Assessment Criteria & Dimensions

The rubric is where NASDE’s value lives. The rough test.sh answers “did it work?”; the rubric answers “how good is it?” — and you’re the one who decides what good means. This page is how you write it.

The rubric is two files:

  • assessment_dimensions.json — the axes to score on, defined once for the whole benchmark.
  • assessment_criteria.md — what each score means for this task, written per task.

Pick 3–5 axes that reflect what you actually care about. Each dimension declares its own max_score — there’s no requirement that they sum to 100 or share a scale. Use whatever granularity you can genuinely distinguish.

{
"dimensions": [
{
"name": "domain_modeling",
"title": "Domain Modeling",
"max_score": 25,
"description": "Are weather concepts modeled as value objects, with discount logic in a domain service and zero infrastructure leakage?"
},
{
"name": "test_quality",
"title": "Test Quality",
"max_score": 20,
"description": "Are the tests meaningful (behavior, edge cases) rather than coverage padding?"
}
]
}

The normalized_score is computed from the actual sum of max_score values, so mixed scales (25 here, 20 there) are fine. A dimension’s description is part of the rubric’s fingerprint — change it and you start a fresh scoring cluster, because you’ve changed what’s being measured.

In assessment_criteria.md, spell out — per dimension — what a low score looks like, what a high score looks like, and what to check in between. A ladder is the clearest form: concrete descriptions at each rung.

ScoreCriteria
0No domain types — raw HTTP responses used directly in domain logic.
10Domain types exist but leak infrastructure (JSON annotations, HTTP codes).
15Clean value objects, but discount logic is not a domain service.
20Good modeling and a domain service, but error handling uses infrastructure exceptions.
25Value objects · discount in a domain service · failures via domain patterns · zero infrastructure deps.

Then add key checks — the specific questions the reviewer should answer:

  • Is there a port for weather data in the domain layer?
  • Does it use domain types, not HttpResponseMessage?
  • Is the discount rule in a domain service, or in the HTTP adapter?

See A Real Task for a full worked example across five dimensions.

That’s your call, and it’s the main lever on signal quality:

  • Very strict — enumerate a ground-truth structure and exact checks. Best when you know precisely what a correct solution looks like; gives sharp, repeatable scores.
  • Looser — describe the qualities and leave room for judgment. Better for open-ended tasks where many good solutions exist.

Whatever you choose, write it so a careful human reviewer would score the same way.
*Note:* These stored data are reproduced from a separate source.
(* Let $\psi\in C^1((0,\infty))$, $d>0$, and let $G=(V,E)$ be a finite graph with heat semigroup $(P_t)_{t\ge0}$. The following are equivalent: (1) $G$ satisfies $CD\psi(d,0)$. (2) For all $f\in C^+(V)$ and all $t\ge0$, \[ P_tf\;\Delta^\psi P_tf\ \ge\ P_t\!\left(f\,\Delta^\psi f\right)\left(1+\frac{2t}{d}\,\Delta^\psi P_tf\right). \] Moreover, if these hold, then $-\Delta^\psi P_tf\le\frac{d}{2t}$ for all $f\in C^+(V)$ and all $t>0$.
   Context: A finite graph $G=(V,E)$: finite set $V$, irreflexive symmetric relation $E$; $v\sim w$ iff $(v,w)\in E$. $C(V)$: real functions on $V$; $C^+(V)$: positive ones. Laplacian $\Delta f(v)=\sum_{w\sim v}(f(w)-f(v))$. Heat semigroup: $P_tf:=e^{t\Delta}f=\sum_{k\ge0}\frac{t^k\Delta^kf}{k!}$ for $t\ge0$ (it maps positive functions to positive functions). For $f\in C^+(V)$: $(\Delta^\psi f)(v):=\Delta\big[\psi\big(\tfrac{f}{f(v)}\big)\big](v)$; $(\Omega^\psi f)(v):=\Delta\Big[\psi'\big(\tfrac{f}{f(v)}\big)\cdot\tfrac{f}{f(v)}\cdot\big(\tfrac{\Delta f}{f}-\tfrac{(\Delta f)(v)}{f(v)}\big)\Big](v)$; $2\Gamma_2^\psi(f):=\Omega^\psi f+\frac{\Delta f\,\Delta^\psi f}{f}-\frac{\Delta(f\,\Delta^\psi f)}{f}$. $G$ satisfies $CD\psi(d,0)$ if $\Gamma_2^\psi(f)\ge\frac1d(\Delta^\psi f)^2$ for all $f\in C^+(V)$. All inequalities are pointwise on $V$. *)

theory Defs
  imports "HOL-Analysis.Analysis"
begin

text \<open>Finite graph: vertex set is the finite type 'a, edge relation E (symmetric, irreflexive).\<close>

definition graph_lap :: "('a::finite \<Rightarrow> 'a \<Rightarrow> bool) \<Rightarrow> ('a \<Rightarrow> real) \<Rightarrow> 'a \<Rightarrow> real" where
  "graph_lap E f v = (\<Sum>w\<in>{w. E v w}. f w - f v)"

definition heat_sg :: "('a::finite \<Rightarrow> 'a \<Rightarrow> bool) \<Rightarrow> real \<Rightarrow> ('a \<Rightarrow> real) \<Rightarrow> 'a \<Rightarrow> real" where
  "heat_sg E t f v = (\<Sum>k. t ^ k / fact k * ((graph_lap E ^^ k) f) v)"

definition lap_psi :: "('a::finite \<Rightarrow> 'a \<Rightarrow> bool) \<Rightarrow> (real \<Rightarrow> real) \<Rightarrow> ('a \<Rightarrow> real) \<Rightarrow> 'a \<Rightarrow> real" where
  "lap_psi E \<psi> f v = graph_lap E (\<lambda>w. \<psi> (f w / f v)) v"

definition omega_psi :: "('a::finite \<Rightarrow> 'a \<Rightarrow> bool) \<Rightarrow> (real \<Rightarrow> real) \<Rightarrow> ('a \<Rightarrow> real) \<Rightarrow> 'a \<Rightarrow> real" where
  "omega_psi E \<psi>' f v = graph_lap E (\<lambda>w. \<psi>' (f w / f v) * (f w / f v)
       * (graph_lap E f w / f w - graph_lap E f v / f v)) v"

text \<open>gamma2_psi is \<open>\<Gamma>\<^sub>2\<^sup>\<psi>\<close> (half of the defining expression for \<open>2\<Gamma>\<^sub>2\<^sup>\<psi>\<close>).\<close>
definition gamma2_psi :: "('a::finite \<Rightarrow> 'a \<Rightarrow> bool) \<Rightarrow> (real \<Rightarrow> real) \<Rightarrow> (real \<Rightarrow> real) \<Rightarrow> ('a \<Rightarrow> real) \<Rightarrow> 'a \<Rightarrow> real" where
  "gamma2_psi E \<psi> \<psi>' f v = (omega_psi E \<psi>' f v
       + graph_lap E f v * lap_psi E \<psi> f v / f v
       - graph_lap E (\<lambda>w. f w * lap_psi E \<psi> f w) v / f v) / 2"

definition CD_psi :: "('a::finite \<Rightarrow> 'a \<Rightarrow> bool) \<Rightarrow> (real \<Rightarrow> real) \<Rightarrow> (real \<Rightarrow> real) \<Rightarrow> real \<Rightarrow> bool" where
  "CD_psi E \<psi> \<psi>' d = (\<forall>f. (\<forall>v. f v > 0) \<longrightarrow>
       (\<forall>v. gamma2_psi E \<psi> \<psi>' f v \<ge> (lap_psi E \<psi> f v)\<^sup>2 / d))"

end

theory Submission
  imports Defs
begin

text \<open>
  Fix t and v, put g_s = P_{t-s} f and F(s) = P_s(g_s \<Delta>^\<psi> g_s)(v); F interpolates between
  P_t f \<Delta>^\<psi> P_t f at s = 0 and P_t(f \<Delta>^\<psi> f) at s = t, and its derivative is
  -2 P_s(g_s \<Gamma>_2^\<psi>(g_s))(v). Under CD\<psi>(d,0), the Cauchy-Schwarz inequality for the positive
  operator P_s together with P_s g_s = P_t f turns this into the Riccati inequality
  F' \<le> -2 F^2 / (d P_t f(v)). Comparing 1/F with a linear function yields (2), and also
  F(t) \<le> F(0), from which the bound on -\<Delta>^\<psi> P_t f follows. Conversely, both sides of (2)
  agree at t = 0, so differentiating (2) at t = 0 gives CD\<psi>(d,0).
\<close>

section \<open>Exponentials of matrices acting on functions\<close>

definition mat_app :: "('a::finite \<Rightarrow> 'a \<Rightarrow> real) \<Rightarrow> ('a \<Rightarrow> real) \<Rightarrow> 'a \<Rightarrow> real" where
  "mat_app m h v = (\<Sum>u\<in>UNIV. m v u * h u)"

definition l1_norm :: "('a::finite \<Rightarrow> real) \<Rightarrow> real" where
  "l1_norm h = (\<Sum>v\<in>UNIV. \<bar>h v\<bar>)"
That’s the bar — and Calibrating the Rubric is how you check the judge actually meets it, tightening the wording wherever it drifts from your own grading.

  • Score the process, not just the output. With include_trajectory enabled, the reviewer can read the agent’s tool-call trace — so a dimension can reward verification discipline or penalize thrashing. See Configuring the reviewer agent.
  • Edit, then re-score, never silently mix. Changing a dimension or its max_score makes a different benchmark; NASDE fingerprints the rubric so old and new scores never average together. Just re-run nasde eval.
  • Start with one task. Get the rubric right on a single task before scaling — a good ladder is reusable; a vague one multiplies noise.